Do you want the Knicks to trade Fields right now, who is leading the team in plus-minus and hustle plays? Do you want the Knicks to trade the versatile Chandler, who electrified the MSG crowd with his dunks last night and is improving his three-point shot with every game? Do you want the Knicks to trade Danilo Gallinari, who can shoot a three-pointer over anybody in the league?
If it means trading two of those players, of course not. Knicks GM Donnie Walsh can't mortgage the future of this team for the present, because Carmelo Anthony, Amar'e Stoudemire, Ray Felton, one of the above three and a couple of spare parts is not winning New York its first NBA title since 1973, let alone its first conference title since 1999.
Furthermore, how much do the Knicks really improve by replacing two of those players with Carmelo Anthony? Ultimately, Carmelo will give the Knicks close to 30 points a game, but he's merely replacing the point production two of those players give the team, and not offering much on defense.
Therefore, unless Donnie Walsh can low-ball Denver and convince them to take only one of that trio, combined with Eddy Curry and perhaps Anthony Randolph, the Knicks should stay put and wait for Carmelo to sign in the summer, which barring something cataclysmic, he will certainly do.
Although that aforementioned trio is certainly talented, and I am for waiting for Carmelo until the summer, I am fine with parting ways with one of those players because ultimately, it's very hard to see the Knicks keeping Fields, Gallinari and Chandler past next season if Carmelo Anthony signs. Chandler and Gallinari become restricted free agents in 2011 and 2012, respectively, and Fields is an unrestricted free agent in 2012.
Do you think one of them wants be a sixth man when they can be starters elsewhere after one (in Chandler's case) or two more years of continued improvement? Probably not.

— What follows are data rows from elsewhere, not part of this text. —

(* Let $n\geq 3$ and $k\geq 2$ be integers. Then $$\Phi_k (P_n^2)=\frac{1}{8}\left( k^{n^2} -k^{\lceil \frac{n^2}{2}\rceil} - 2k^{n\lceil\frac{n}{2}\rceil}-2k^{\frac{n(n+1)}{2} } +2k^{\lceil \frac{n}{2}\rceil^2}+2k^{\lceil \frac{n}{2}\rceil \lceil \frac{n+1}{2}\rceil}\right).$$
   Context: $P_n$ is the path on $n$ vertices and $P_n^2=P_n\square P_n$ is the Cartesian product ($V(G\square H)=V(G)\times V(H)$, $(g,h)\sim(g',h')$ iff $g=g'$ and $hh'\in E(H)$, or $gg'\in E(G)$ and $h=h'$), i.e. the $n\times n$ grid. A vertex coloring is distinguishing if the identity is the only automorphism preserving it. Two colorings $c_1,c_2$ of a graph $G$ are equivalent if there is an automorphism $\alpha$ of $G$ with $c_1(v)=c_2(\alpha(v))$ for all $v\in V(G)$. $\Phi_k(G)$ denotes the number of non-equivalent distinguishing vertex colorings of $G$ with colors from $\{1,\ldots,k\}$ (not all colors need be used). *)

theory Defs
  imports Complex_Main "HOL-Library.FuncSet"
begin

definition path_V :: "nat \<Rightarrow> nat set" where
  "path_V n = {0..<n}"

definition path_E :: "nat \<Rightarrow> nat \<Rightarrow> bool" where
  "path_E x y \<longleftrightarrow> x + 1 = y \<or> y + 1 = x"

definition cart_E :: "('a \<Rightarrow> 'a \<Rightarrow> bool) \<Rightarrow> ('b \<Rightarrow> 'b \<Rightarrow> bool)
    \<Rightarrow> ('a \<times> 'b) \<Rightarrow> ('a \<times> 'b) \<Rightarrow> bool" where
  "cart_E E F u v \<longleftrightarrow>
     (fst u = fst v \<and> F (snd u) (snd v)) \<or> (E (fst u) (fst v) \<and> snd u = snd v)"

definition grid_V :: "nat \<Rightarrow> (nat \<times> nat) set" where
  "grid_V n = path_V n \<times> path_V n"

definition grid_E :: "(nat \<times> nat) \<Rightarrow> (nat \<times> nat) \<Rightarrow> bool" where
  "grid_E = cart_E path_E path_E"

definition is_aut :: "'a set \<Rightarrow> ('a \<Rightarrow> 'a \<Rightarrow> bool) \<Rightarrow> ('a \<Rightarrow> 'a) \<Rightarrow> bool" where
  "is_aut V E \<sigma> \<longleftrightarrow> bij_betw \<sigma> V V \<and> (\<forall>u\<in>V. \<forall>v\<in>V. E u v \<longleftrightarrow> E (\<sigma> u) (\<sigma> v))"
(* Let $(X_{1,\infty},f_{1,\infty},\mu_{1,\infty})$ be a metric nonautonomous dynamical system. Suppose each $X_n$ is a disjoint union $X_n=Y_n\,\dot\cup\, Z_n$ of measurable sets with $f_n(Y_n)\subset Y_{n+1}$, $f_n(Z_n)\subset Z_{n+1}$, and $\mu_n(Y_n)=c$ for all $n$, where $0<c\le1$ is a constant. Let $g_n=f_n|_{Y_n}:Y_n\to Y_{n+1}$ and $\nu_n(A)=\mu_n(A)/c$ for measurable $A\subset Y_n$, so that $(Y_{1,\infty},g_{1,\infty},\nu_{1,\infty})$ is a metric NDS. Let $\mathcal{E}$ be an admissible class for $f_{1,\infty}$ such that $\mathcal{P}_{1,\infty}\in\mathcal{E}$ implies $\{\mathcal{P}_n\vee\{Y_n,Z_n\}\}_{n\ge1}\in\mathcal{E}$. Then \[ \mathcal{E}|_{Y_{1,\infty}}:=\{\mathcal{Q}_{1,\infty}\;:\;\exists\,\mathcal{P}_{1,\infty}\in\mathcal{E}\text{ with }\mathcal{Q}_n=\{Y_n\}\vee\mathcal{P}_n\text{ for all }n\} \] is an admissible class for $(Y_{1,\infty},g_{1,\infty})$ and $c\,h_{\mathcal{E}|_{Y_{1,\infty}}}(g_{1,\infty})\le h_{\mathcal{E}}(f_{1,\infty})$. If $c=1$, equality holds.
   Context: A metric NDS consists of probability spaces $(X_n,\mathcal{A}_n,\mu_n)$ and measurable maps $f_n:X_n\to X_{n+1}$ with $f_n\mu_n=\mu_{n+1}$. $f_k^n=f_{k+n-1}\circ\cdots\circ f_k$, $f_k^{-n}$ = preimage. $\{Y_n\}\vee\mathcal{P}_n$ denotes the partition $\{Y_n\cap P:P\in\mathcal{P}_n\}$ of $Y_n$. $H_\mu(\mathcal{P})=-\sum_P\mu(P)\log\mu(P)$; $h(f_{1,\infty};\mathcal{P}_{1,\infty})=\limsup_n\frac1nH_{\mu_1}(\bigvee_{i=0}^{n-1}f_1^{-i}\mathcal{P}_{i+1})$ (and analogously for $g_{1,\infty}$ with $\nu_1$); $h_{\mathcal{E}}(f_{1,\infty})=\sup_{\mathcal{P}_{1,\infty}\in\mathcal{E}}h(f_{1,\infty};\mathcal{P}_{1,\infty})$. Admissible class for an NDS $f_{1,\infty}$: a nonempty class $\mathcal{E}$ of sequences of finite measurable partitions $\{\mathcal{P}_n\}$ of $X_n$ such that (A) for each member, $\#\mathcal{P}_n\le N$ for some $N$ and all $n$; (B) $\mathcal{E}$ is closed under passing to termwise coarser sequences; (C) if $\mathcal{P}_{1,\infty}\in\mathcal{E}$ and $m\ge1$, then the sequence $\{\bigvee_{i=0}^{m-1}f_k^{-i}\mathcal{P}_{k+i}\}_{k\ge1}$ belongs to $\mathcal{E}$. *)

theory Defs
  imports "HOL-Probability.Probability"
begin

text \<open>A metric nonautonomous dynamical system: probability spaces M n and
  measurable maps f n : M n \<rightarrow> M (n+1) pushing M n forward to M (n+1).
  Indices start at 0 (the paper starts at 1).\<close>
definition metric_NDS :: "(nat \<Rightarrow> 'a measure) \<Rightarrow> (nat \<Rightarrow> 'a \<Rightarrow> 'a) \<Rightarrow> bool" where
  "metric_NDS M f \<longleftrightarrow>
     (\<forall>n. prob_space (M n)) \<and>
     (\<forall>n. f n \<in> measurable (M n) (M (Suc n))) \<and>
     (\<forall>n. distr (M n) (M (Suc n)) (f n) = M (Suc n))"

primrec fiter :: "(nat \<Rightarrow> 'a \<Rightarrow> 'a) \<Rightarrow> nat \<Rightarrow> nat \<Rightarrow> 'a \<Rightarrow> 'a" where
  "fiter f k 0 = id"
| "fiter f k (Suc i) = f (k + i) \<circ> fiter f k i"

text \<open>Finite measurable partition of the space of M (empty blocks are harmless).\<close>
definition is_partition :: "'a measure \<Rightarrow> 'a set set \<Rightarrow> bool" where
  "is_partition M P \<longleftrightarrow> finite P \<and> P \<subseteq> sets M \<and> disjoint P \<and> \<Union>P = space M"

definition coarser :: "'a set set \<Rightarrow> 'a set set \<Rightarrow> bool" where
  "coarser Q P \<longleftrightarrow> (\<forall>A\<in>P. \<exists>B\<in>Q. A \<subseteq> B)"

definition pjoin :: "'a set set \<Rightarrow> 'a set set \<Rightarrow> 'a set set" where
  "pjoin P Q = {A \<inter> B | A B. A \<in> P \<and> B \<in> Q}"

definition joinN :: "(nat \<Rightarrow> 'a measure) \<Rightarrow> (nat \<Rightarrow> 'a \<Rightarrow> 'a) \<Rightarrow> (nat \<Rightarrow> 'a set set)
                      \<Rightarrow> nat \<Rightarrow> nat \<Rightarrow> 'a set set" where
  "joinN M f P k n =
     {space (M k) \<inter> (\<Inter>i\<in>{..<n}. fiter f k i -` S i) | S. \<forall>i<n. S i \<in> P (k + i)}"
lemma suslinI_extend:
  assumes "x \<in> S []" and extend: "\<And>s. x \<in> S s \<Longrightarrow> \<exists>k. x \<in> S (s @ [k])"
  shows "x \<in> suslin S"
proof -
  define next_index where "next_index s = (SOME k. x \<in> S (s @ [k]))" for s
  define prefix where "prefix = rec_nat [] (\<lambda>_ s. s @ [next_index s])"
  have prefix_Suc: "prefix (Suc n) = prefix n @ [next_index (prefix n)]" for n
    by (simp add: prefix_def)
  have in_prefix: "x \<in> S (prefix n)" for n
  proof (induction n)
    case 0 then show ?case using assms(1) by (simp add: prefix_def)
  next
    case (Suc n)
    then show ?case
      unfolding prefix_Suc next_index_def by (rule someI_ex[OF extend])
  qed
  define \<sigma> where "\<sigma> i = next_index (prefix i)" for i
  have "prefix n = map \<sigma> [0..<n]" for n
    by (induction n) (simp_all add: prefix_Suc \<sigma>_def, simp add: prefix_def)
  then show ?thesis using in_prefix unfolding suslin_def by auto
qed

lemma exists_min_measure_superset:
  assumes K: "K \<in> sets M" "emeasure M K < \<infinity>" and "A \<subseteq> K"
  shows "\<exists>H\<in>sets M. A \<subseteq> H \<and> H \<subseteq> K \<and>
    (\<forall>X\<in>sets M. A \<subseteq> X \<longrightarrow> X \<subseteq> K \<longrightarrow> measure M H \<le> measure M X)"
proof -
  define C where "C = {measure M X | X. X \<in> sets M \<and> A \<subseteq> X \<and> X \<subseteq> K}"
  have Kf: "K \<in> fmeasurable M" using K by (simp add: fmeasurable_def)
  have "C \<noteq> {}" using K \<open>A \<subseteq> K\<close> unfolding C_def by blast
  have "\<exists>X. X \<in> sets M \<and> A \<subseteq> X \<and> X \<subseteq> K \<and> measure M X < Inf C + 1 / Suc n" for n
  proof -
    have "Inf C < Inf C + 1 / Suc n" by simp
    from cInf_lessD[OF \<open>C \<noteq> {}\<close> this] show ?thesis unfolding C_def by blast
  qed
  then obtain X where X: "\<And>n. X n \<in> sets M" "\<And>n. A \<subseteq> X n" "\<And>n. X n \<subseteq> K"
    and X_measure: "\<And>n. measure M (X n) < Inf C + 1 / Suc n"
    by metis
  define H where "H = (\<Inter>n. X n)"
  have H: "H \<in> sets M" "A \<subseteq> H" "H \<subseteq> K"
    using X(1,2) X(3)[of 0] unfolding H_def by auto
  have H_le: "measure M H \<le> Inf C"
  proof (rule field_le_epsilon)
    fix e :: real assume "e > 0"
    then obtain n where n: "inverse (real (Suc n)) < e" using reals_Archimedean by blast
    have "H \<subseteq> X n" unfolding H_def by blast
    then have "measure M H \<le> measure M (X n)"
      using X(1) H(1) fmeasurableI2[OF Kf X(3) X(1)] by (intro measure_mono_fmeasurable) auto
    then show "measure M H \<le> Inf C + e" using X_measure[of n] n by (simp add: inverse_eq_divide)
  qed
  have Inf_le: "Inf C \<le> measure M X" if "X \<in> sets M" "A \<subseteq> X" "X \<subseteq> K" for X
  proof (rule cInf_lower)
    show "measure M X \<in> C" unfolding C_def using that by blast
    show "bdd_below C" unfolding C_def by (rule bdd_belowI[of _ 0]) auto
  qed
  have "measure M H \<le> measure M X" if "X \<in> sets M" "A \<subseteq> X" "X \<subseteq> K" for X
    using H_le Inf_le[OF that] by (rule order_trans)
  then show ?thesis using H by blast
qed
lemma eigenvector_norm_super:
  fixes A :: "real mat"
  assumes A: "A \<in> carrier_mat n n" and nonneg: "\<And>k j. k < n \<Longrightarrow> j < n \<Longrightarrow> 0 \<le> A $$ (k, j)"
    and ev: "eigenvector (map_mat complex_of_real A) v l" and k: "k < n"
  shows "cmod l * cmod (v $ k) \<le> (\<Sum>j<n. A $$ (k, j) * cmod (v $ j))"
proof -
  have v: "v \<in> carrier_vec n" "map_mat complex_of_real A *\<^sub>v v = l \<cdot>\<^sub>v v"
    using ev A unfolding eigenvector_def by auto
  have "l * v $ k = (map_mat complex_of_real A *\<^sub>v v) $ k" using v k by simp
  also have "\<dots> = (\<Sum>j<n. complex_of_real (A $$ (k, j)) * v $ j)"
    using A k v(1) by (simp add: scalar_prod_def atLeast0LessThan)
  finally have "cmod l * cmod (v $ k) = cmod (\<Sum>j<n. complex_of_real (A $$ (k, j)) * v $ j)"
    by (metis norm_mult)
  also have "\<dots> \<le> (\<Sum>j<n. cmod (complex_of_real (A $$ (k, j)) * v $ j))" by (rule norm_sum)
  also have "\<dots> = (\<Sum>j<n. A $$ (k, j) * cmod (v $ j))"
    using nonneg k by (intro sum.cong) (auto simp: norm_mult)
  finally show ?thesis .
qed

lemma eigenvector_nonzero_entry:
  assumes "eigenvector B v l" and "B \<in> carrier_mat n n"
  obtains k where "k < n" and "v $ k \<noteq> 0"
proof -
  have "v \<in> carrier_vec n" "v \<noteq> 0\<^sub>v n" using assms unfolding eigenvector_def by auto
  hence "\<exists>k<n. v $ k \<noteq> 0" by (metis carrier_vecD eq_vecI index_zero_vec(1,2))
  thus ?thesis using that by blast
qed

Ultimately, teams win championships by being well-rounded with multiple players fulfilling their individual roles. The Knicks need another 25-plus point scorer in Carmelo Anthony, but they also need more size and defense down low and from the perimeter. A backup point guard wouldn't hurt, either.
New York wasn't winning that game last night even if we just replaced Chandler with Anthony. By then giving away two of those three younger pieces I spoke of earlier, Walsh would simply be creating more holes for him to fill. Anthony can only offer the team so much.